- Exercise directions:
Only the lines from the line holding "fix x assume" through the final line of the entries below are to be returned, exactly as they stand.

- Data records:
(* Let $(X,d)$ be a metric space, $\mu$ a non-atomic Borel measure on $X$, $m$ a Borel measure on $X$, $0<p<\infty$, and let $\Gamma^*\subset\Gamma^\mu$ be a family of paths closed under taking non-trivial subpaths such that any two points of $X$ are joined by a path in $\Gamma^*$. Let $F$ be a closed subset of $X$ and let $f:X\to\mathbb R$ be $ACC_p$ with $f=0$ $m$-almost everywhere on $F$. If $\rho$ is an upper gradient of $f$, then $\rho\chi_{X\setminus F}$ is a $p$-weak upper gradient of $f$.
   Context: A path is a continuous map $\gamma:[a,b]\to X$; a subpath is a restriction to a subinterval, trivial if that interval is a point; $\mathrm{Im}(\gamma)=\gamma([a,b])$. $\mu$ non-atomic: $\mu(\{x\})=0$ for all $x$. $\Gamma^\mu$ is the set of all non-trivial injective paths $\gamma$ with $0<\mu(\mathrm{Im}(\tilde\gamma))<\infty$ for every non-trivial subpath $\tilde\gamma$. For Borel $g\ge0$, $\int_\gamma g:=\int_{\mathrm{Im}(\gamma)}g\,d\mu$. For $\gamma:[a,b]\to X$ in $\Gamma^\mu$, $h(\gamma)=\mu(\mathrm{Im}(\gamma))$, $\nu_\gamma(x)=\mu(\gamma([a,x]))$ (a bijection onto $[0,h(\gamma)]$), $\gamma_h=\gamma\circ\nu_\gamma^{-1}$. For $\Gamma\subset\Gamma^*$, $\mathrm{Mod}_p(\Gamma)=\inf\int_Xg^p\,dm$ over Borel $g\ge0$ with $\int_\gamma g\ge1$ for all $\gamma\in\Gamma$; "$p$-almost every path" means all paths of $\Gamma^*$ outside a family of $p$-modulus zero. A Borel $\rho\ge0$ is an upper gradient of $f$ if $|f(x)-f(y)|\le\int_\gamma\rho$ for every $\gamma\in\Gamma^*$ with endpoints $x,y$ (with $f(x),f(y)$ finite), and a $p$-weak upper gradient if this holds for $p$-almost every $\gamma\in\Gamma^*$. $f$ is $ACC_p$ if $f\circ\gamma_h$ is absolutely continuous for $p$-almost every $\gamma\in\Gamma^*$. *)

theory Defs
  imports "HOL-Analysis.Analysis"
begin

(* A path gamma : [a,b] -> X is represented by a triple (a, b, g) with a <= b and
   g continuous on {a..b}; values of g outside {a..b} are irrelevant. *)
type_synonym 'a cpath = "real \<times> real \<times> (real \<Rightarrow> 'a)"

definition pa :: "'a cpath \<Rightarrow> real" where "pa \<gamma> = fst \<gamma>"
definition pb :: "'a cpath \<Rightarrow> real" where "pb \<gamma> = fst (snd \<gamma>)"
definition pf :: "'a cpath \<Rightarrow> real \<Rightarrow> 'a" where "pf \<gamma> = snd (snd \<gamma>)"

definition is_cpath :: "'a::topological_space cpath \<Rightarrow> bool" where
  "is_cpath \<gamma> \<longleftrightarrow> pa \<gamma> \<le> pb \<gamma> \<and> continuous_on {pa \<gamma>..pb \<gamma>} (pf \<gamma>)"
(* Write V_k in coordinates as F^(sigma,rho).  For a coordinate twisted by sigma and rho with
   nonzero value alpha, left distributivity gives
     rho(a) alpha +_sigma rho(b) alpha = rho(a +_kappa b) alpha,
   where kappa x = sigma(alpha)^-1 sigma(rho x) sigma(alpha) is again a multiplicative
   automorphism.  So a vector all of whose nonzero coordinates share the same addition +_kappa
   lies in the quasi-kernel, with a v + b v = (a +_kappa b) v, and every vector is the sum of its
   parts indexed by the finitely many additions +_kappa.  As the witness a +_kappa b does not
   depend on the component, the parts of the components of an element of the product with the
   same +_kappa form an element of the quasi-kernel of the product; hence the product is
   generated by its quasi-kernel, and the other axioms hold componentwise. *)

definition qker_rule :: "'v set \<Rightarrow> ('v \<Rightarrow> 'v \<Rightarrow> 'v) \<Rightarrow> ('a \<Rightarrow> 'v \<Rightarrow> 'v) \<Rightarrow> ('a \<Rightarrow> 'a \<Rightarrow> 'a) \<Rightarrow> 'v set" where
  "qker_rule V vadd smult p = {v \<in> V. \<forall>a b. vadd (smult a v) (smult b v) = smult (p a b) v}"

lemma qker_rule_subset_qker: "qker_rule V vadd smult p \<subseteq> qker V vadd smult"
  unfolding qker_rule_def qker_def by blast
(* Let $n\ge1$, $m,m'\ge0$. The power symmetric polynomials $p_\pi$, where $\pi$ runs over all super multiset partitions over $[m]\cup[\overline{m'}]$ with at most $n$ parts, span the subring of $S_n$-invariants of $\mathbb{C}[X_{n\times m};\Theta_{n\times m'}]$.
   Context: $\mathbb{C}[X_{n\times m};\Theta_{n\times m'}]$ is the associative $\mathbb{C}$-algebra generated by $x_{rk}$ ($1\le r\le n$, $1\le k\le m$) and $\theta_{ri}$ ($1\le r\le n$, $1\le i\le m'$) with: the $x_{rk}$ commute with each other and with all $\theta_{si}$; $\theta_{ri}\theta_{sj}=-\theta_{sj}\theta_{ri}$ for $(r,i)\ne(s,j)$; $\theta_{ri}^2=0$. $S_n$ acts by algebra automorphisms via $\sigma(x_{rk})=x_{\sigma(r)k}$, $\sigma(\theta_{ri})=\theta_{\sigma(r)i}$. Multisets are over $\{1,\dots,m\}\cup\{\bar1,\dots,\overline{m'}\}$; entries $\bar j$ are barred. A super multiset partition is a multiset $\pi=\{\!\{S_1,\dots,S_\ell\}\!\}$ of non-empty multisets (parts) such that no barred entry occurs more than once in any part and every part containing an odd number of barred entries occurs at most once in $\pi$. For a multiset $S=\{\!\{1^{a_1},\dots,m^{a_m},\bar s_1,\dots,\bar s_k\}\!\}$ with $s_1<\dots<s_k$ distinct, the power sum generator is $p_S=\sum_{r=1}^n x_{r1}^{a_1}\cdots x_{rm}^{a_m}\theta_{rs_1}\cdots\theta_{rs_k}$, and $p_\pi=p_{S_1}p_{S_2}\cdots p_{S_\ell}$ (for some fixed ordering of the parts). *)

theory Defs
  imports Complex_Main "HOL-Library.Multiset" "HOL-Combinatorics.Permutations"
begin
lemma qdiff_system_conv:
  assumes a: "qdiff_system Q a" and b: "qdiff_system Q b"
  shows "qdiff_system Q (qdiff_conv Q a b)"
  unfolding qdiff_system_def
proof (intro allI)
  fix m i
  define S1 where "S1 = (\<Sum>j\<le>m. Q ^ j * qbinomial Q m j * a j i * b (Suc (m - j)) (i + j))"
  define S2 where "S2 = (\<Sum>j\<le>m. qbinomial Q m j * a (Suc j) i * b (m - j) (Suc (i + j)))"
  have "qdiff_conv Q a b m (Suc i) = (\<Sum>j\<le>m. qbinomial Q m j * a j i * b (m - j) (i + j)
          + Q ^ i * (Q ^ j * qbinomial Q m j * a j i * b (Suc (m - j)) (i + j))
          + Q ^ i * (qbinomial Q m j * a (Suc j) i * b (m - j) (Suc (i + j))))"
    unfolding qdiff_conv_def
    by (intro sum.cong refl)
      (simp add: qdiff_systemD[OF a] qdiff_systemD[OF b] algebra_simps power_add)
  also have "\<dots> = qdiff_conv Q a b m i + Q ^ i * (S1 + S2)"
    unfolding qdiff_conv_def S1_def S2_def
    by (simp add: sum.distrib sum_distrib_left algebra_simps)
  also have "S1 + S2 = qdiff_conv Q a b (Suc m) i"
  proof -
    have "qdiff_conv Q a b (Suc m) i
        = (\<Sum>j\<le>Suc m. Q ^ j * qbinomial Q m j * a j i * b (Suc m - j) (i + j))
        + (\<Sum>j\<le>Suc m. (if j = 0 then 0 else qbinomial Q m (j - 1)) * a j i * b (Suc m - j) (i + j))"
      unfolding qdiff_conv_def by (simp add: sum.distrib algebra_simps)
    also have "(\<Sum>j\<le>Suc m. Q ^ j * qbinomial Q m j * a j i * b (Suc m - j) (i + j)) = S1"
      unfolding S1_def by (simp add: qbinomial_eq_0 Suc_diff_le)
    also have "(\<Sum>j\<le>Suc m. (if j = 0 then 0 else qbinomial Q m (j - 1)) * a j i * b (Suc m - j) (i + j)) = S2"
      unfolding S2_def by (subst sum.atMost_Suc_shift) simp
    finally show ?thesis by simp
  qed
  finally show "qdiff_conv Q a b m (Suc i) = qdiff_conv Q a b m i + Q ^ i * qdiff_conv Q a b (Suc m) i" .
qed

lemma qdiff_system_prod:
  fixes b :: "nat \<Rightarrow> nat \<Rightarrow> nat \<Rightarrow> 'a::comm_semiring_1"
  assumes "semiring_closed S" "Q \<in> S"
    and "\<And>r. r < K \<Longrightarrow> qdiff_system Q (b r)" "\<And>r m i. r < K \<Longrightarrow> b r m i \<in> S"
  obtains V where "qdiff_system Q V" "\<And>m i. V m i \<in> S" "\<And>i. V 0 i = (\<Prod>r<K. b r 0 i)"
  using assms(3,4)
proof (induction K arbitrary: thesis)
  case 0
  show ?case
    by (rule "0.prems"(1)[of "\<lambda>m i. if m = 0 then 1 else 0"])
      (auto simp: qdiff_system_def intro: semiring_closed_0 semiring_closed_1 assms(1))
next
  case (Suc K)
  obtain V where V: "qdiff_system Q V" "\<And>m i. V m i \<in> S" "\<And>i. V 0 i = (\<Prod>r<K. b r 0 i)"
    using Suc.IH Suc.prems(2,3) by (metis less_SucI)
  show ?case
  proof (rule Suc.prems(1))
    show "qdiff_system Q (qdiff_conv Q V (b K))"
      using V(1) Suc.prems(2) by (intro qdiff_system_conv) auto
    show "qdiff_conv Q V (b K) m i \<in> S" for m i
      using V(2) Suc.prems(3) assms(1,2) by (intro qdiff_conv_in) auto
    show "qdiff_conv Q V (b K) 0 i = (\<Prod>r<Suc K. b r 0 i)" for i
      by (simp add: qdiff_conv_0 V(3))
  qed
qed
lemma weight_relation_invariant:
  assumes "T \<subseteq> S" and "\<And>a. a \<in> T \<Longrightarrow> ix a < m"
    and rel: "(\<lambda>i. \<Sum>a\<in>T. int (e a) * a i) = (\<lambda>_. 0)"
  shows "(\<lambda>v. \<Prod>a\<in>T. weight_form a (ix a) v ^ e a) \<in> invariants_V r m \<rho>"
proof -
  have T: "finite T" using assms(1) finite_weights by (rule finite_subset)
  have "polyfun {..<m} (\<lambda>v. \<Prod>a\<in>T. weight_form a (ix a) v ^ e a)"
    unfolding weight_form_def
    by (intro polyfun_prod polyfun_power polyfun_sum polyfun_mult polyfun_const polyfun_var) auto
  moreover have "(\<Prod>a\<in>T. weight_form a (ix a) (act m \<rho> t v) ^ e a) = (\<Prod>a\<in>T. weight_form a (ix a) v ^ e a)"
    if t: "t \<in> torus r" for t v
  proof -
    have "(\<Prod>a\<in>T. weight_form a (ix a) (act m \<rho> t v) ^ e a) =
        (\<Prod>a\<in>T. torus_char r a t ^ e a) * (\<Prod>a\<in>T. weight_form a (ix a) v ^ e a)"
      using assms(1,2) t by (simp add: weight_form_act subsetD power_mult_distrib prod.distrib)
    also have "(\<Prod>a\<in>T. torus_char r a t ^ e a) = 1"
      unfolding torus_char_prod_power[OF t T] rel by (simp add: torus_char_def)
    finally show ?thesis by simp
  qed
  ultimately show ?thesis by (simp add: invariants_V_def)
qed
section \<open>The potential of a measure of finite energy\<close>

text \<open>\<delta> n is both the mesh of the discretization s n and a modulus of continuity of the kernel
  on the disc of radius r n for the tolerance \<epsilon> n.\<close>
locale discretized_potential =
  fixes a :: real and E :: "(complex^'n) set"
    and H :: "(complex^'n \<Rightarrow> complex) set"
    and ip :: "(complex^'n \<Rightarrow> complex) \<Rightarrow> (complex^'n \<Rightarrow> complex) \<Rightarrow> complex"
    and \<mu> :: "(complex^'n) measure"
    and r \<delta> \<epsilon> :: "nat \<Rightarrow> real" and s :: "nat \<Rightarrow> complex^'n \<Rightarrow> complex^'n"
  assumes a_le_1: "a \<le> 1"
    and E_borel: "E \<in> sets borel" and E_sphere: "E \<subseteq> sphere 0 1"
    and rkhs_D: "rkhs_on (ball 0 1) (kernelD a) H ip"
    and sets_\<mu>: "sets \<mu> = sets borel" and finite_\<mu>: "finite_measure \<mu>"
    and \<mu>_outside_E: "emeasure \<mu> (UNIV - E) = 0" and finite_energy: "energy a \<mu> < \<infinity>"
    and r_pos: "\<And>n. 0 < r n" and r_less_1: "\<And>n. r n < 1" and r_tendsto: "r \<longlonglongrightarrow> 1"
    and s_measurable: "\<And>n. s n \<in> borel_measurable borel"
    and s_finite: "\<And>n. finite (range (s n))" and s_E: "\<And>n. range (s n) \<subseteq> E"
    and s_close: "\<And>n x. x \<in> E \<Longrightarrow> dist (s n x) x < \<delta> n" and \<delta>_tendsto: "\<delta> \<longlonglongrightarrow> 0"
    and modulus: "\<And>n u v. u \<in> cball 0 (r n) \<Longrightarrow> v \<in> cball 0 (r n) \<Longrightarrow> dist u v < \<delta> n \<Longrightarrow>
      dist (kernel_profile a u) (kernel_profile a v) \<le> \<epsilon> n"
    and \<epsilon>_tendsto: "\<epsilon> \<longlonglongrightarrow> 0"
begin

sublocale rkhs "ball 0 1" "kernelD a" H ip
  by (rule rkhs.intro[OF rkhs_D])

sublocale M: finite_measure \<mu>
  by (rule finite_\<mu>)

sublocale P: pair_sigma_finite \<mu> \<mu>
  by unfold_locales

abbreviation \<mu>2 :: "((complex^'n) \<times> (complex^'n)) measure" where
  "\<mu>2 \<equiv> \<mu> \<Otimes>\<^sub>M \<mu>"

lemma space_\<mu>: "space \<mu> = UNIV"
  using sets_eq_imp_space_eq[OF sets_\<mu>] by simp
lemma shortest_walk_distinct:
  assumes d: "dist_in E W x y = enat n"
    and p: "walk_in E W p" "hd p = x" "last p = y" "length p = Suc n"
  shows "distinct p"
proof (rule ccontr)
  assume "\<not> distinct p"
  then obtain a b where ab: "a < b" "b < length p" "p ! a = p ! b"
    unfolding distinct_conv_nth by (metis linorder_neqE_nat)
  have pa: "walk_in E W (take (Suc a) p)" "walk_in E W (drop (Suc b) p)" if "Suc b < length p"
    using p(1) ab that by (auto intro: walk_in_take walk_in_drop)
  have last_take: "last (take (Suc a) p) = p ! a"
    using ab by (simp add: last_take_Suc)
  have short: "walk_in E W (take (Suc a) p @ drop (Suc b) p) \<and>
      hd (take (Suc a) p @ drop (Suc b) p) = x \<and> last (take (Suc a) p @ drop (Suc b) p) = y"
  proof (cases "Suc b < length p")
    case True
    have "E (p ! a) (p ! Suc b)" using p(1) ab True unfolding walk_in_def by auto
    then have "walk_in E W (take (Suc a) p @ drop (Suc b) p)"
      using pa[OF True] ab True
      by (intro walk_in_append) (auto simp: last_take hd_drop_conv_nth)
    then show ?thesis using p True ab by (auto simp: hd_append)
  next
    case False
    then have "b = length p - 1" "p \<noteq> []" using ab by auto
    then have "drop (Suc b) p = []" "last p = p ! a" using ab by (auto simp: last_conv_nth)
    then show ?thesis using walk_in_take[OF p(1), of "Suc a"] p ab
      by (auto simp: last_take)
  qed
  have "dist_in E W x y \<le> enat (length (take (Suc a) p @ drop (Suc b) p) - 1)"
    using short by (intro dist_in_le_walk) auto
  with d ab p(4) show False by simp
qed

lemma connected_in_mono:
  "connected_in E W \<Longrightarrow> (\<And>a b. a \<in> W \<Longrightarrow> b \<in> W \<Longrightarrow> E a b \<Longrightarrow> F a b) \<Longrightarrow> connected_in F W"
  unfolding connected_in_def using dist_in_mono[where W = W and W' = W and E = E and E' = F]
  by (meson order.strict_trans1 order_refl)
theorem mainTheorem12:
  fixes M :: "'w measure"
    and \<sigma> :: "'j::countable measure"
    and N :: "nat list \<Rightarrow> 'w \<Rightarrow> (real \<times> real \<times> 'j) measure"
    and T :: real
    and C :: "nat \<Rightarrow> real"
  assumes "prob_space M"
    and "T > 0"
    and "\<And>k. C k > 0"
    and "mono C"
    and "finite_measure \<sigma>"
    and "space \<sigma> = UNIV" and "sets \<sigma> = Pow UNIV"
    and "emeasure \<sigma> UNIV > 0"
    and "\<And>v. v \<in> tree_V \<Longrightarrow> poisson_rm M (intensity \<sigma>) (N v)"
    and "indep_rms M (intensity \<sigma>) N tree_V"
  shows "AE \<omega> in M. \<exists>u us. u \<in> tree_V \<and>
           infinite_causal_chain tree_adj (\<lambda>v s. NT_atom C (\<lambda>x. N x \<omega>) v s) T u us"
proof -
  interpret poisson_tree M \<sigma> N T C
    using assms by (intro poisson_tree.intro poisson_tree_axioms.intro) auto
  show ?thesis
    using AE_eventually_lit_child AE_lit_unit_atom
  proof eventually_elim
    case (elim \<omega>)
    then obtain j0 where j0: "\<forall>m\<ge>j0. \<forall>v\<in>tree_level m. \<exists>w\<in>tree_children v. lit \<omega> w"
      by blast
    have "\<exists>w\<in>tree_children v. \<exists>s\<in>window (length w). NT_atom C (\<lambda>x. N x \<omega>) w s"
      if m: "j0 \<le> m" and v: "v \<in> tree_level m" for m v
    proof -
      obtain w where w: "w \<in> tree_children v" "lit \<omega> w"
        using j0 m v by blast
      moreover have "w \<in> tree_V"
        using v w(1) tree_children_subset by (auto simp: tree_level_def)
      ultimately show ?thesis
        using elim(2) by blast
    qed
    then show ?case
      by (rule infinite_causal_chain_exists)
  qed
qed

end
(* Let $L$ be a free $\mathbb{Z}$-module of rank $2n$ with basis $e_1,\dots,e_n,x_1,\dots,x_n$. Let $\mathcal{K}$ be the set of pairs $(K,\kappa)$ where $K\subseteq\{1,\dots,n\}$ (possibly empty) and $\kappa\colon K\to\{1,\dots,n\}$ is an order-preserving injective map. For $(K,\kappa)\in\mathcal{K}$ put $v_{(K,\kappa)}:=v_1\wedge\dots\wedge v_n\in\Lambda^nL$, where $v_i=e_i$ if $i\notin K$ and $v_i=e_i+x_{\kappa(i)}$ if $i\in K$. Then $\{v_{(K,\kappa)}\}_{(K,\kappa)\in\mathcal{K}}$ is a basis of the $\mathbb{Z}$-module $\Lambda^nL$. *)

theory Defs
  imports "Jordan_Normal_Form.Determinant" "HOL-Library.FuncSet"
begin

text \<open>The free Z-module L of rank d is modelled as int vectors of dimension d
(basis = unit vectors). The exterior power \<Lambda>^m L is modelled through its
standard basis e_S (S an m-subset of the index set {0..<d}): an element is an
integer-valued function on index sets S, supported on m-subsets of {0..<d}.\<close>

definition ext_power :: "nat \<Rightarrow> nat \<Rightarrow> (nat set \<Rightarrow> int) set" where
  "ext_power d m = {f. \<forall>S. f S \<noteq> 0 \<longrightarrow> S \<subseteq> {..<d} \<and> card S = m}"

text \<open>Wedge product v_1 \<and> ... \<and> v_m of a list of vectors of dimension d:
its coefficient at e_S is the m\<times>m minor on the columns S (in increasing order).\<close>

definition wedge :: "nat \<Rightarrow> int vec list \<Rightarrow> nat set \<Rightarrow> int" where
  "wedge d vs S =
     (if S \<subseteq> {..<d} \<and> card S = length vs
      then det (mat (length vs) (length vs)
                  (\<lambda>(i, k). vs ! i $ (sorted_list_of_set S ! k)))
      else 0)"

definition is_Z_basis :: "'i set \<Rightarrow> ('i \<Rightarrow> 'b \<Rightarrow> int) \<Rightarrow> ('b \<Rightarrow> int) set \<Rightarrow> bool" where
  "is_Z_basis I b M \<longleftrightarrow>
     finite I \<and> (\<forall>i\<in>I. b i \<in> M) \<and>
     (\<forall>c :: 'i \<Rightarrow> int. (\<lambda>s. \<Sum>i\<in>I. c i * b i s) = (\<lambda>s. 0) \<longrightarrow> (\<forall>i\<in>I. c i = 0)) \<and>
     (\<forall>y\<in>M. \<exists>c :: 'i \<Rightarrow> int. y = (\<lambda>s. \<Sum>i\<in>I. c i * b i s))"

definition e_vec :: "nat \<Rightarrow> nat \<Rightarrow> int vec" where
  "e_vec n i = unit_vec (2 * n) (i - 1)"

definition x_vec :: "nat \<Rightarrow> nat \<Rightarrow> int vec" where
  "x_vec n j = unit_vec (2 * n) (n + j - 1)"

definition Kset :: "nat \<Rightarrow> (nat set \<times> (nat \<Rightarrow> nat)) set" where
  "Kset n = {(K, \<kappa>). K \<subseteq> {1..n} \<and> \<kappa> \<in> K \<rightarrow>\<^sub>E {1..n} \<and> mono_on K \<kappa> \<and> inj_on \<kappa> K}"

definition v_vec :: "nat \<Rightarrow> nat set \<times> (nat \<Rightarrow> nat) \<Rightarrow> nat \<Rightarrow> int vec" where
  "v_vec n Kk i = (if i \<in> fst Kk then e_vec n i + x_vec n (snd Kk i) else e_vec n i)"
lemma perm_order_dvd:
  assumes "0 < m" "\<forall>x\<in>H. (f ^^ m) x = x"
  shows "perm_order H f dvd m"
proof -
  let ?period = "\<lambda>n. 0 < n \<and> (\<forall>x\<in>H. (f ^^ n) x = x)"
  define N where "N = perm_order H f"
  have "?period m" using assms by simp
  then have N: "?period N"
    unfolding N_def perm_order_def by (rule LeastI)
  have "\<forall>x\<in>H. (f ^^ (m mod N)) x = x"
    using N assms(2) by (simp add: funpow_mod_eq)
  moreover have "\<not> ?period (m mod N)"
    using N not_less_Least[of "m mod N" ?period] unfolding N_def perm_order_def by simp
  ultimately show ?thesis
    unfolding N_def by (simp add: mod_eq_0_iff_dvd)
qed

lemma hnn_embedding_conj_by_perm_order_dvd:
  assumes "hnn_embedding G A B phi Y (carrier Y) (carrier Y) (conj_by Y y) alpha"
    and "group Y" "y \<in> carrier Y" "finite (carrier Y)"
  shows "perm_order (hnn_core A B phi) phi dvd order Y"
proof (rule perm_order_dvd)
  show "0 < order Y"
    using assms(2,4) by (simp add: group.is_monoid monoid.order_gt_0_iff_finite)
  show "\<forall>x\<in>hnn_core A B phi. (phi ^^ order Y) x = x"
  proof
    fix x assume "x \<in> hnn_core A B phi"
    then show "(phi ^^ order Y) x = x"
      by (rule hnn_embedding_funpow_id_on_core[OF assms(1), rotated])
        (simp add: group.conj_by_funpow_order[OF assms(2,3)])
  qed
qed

- Response to the exercise:
    fix x assume "x \<in> hnn_core A B phi"
    then show "(phi ^^ order Y) x = x"
      by (rule hnn_embedding_funpow_id_on_core[OF assms(1), rotated])
        (simp add: group.conj_by_funpow_order[OF assms(2,3)])
  qed
qed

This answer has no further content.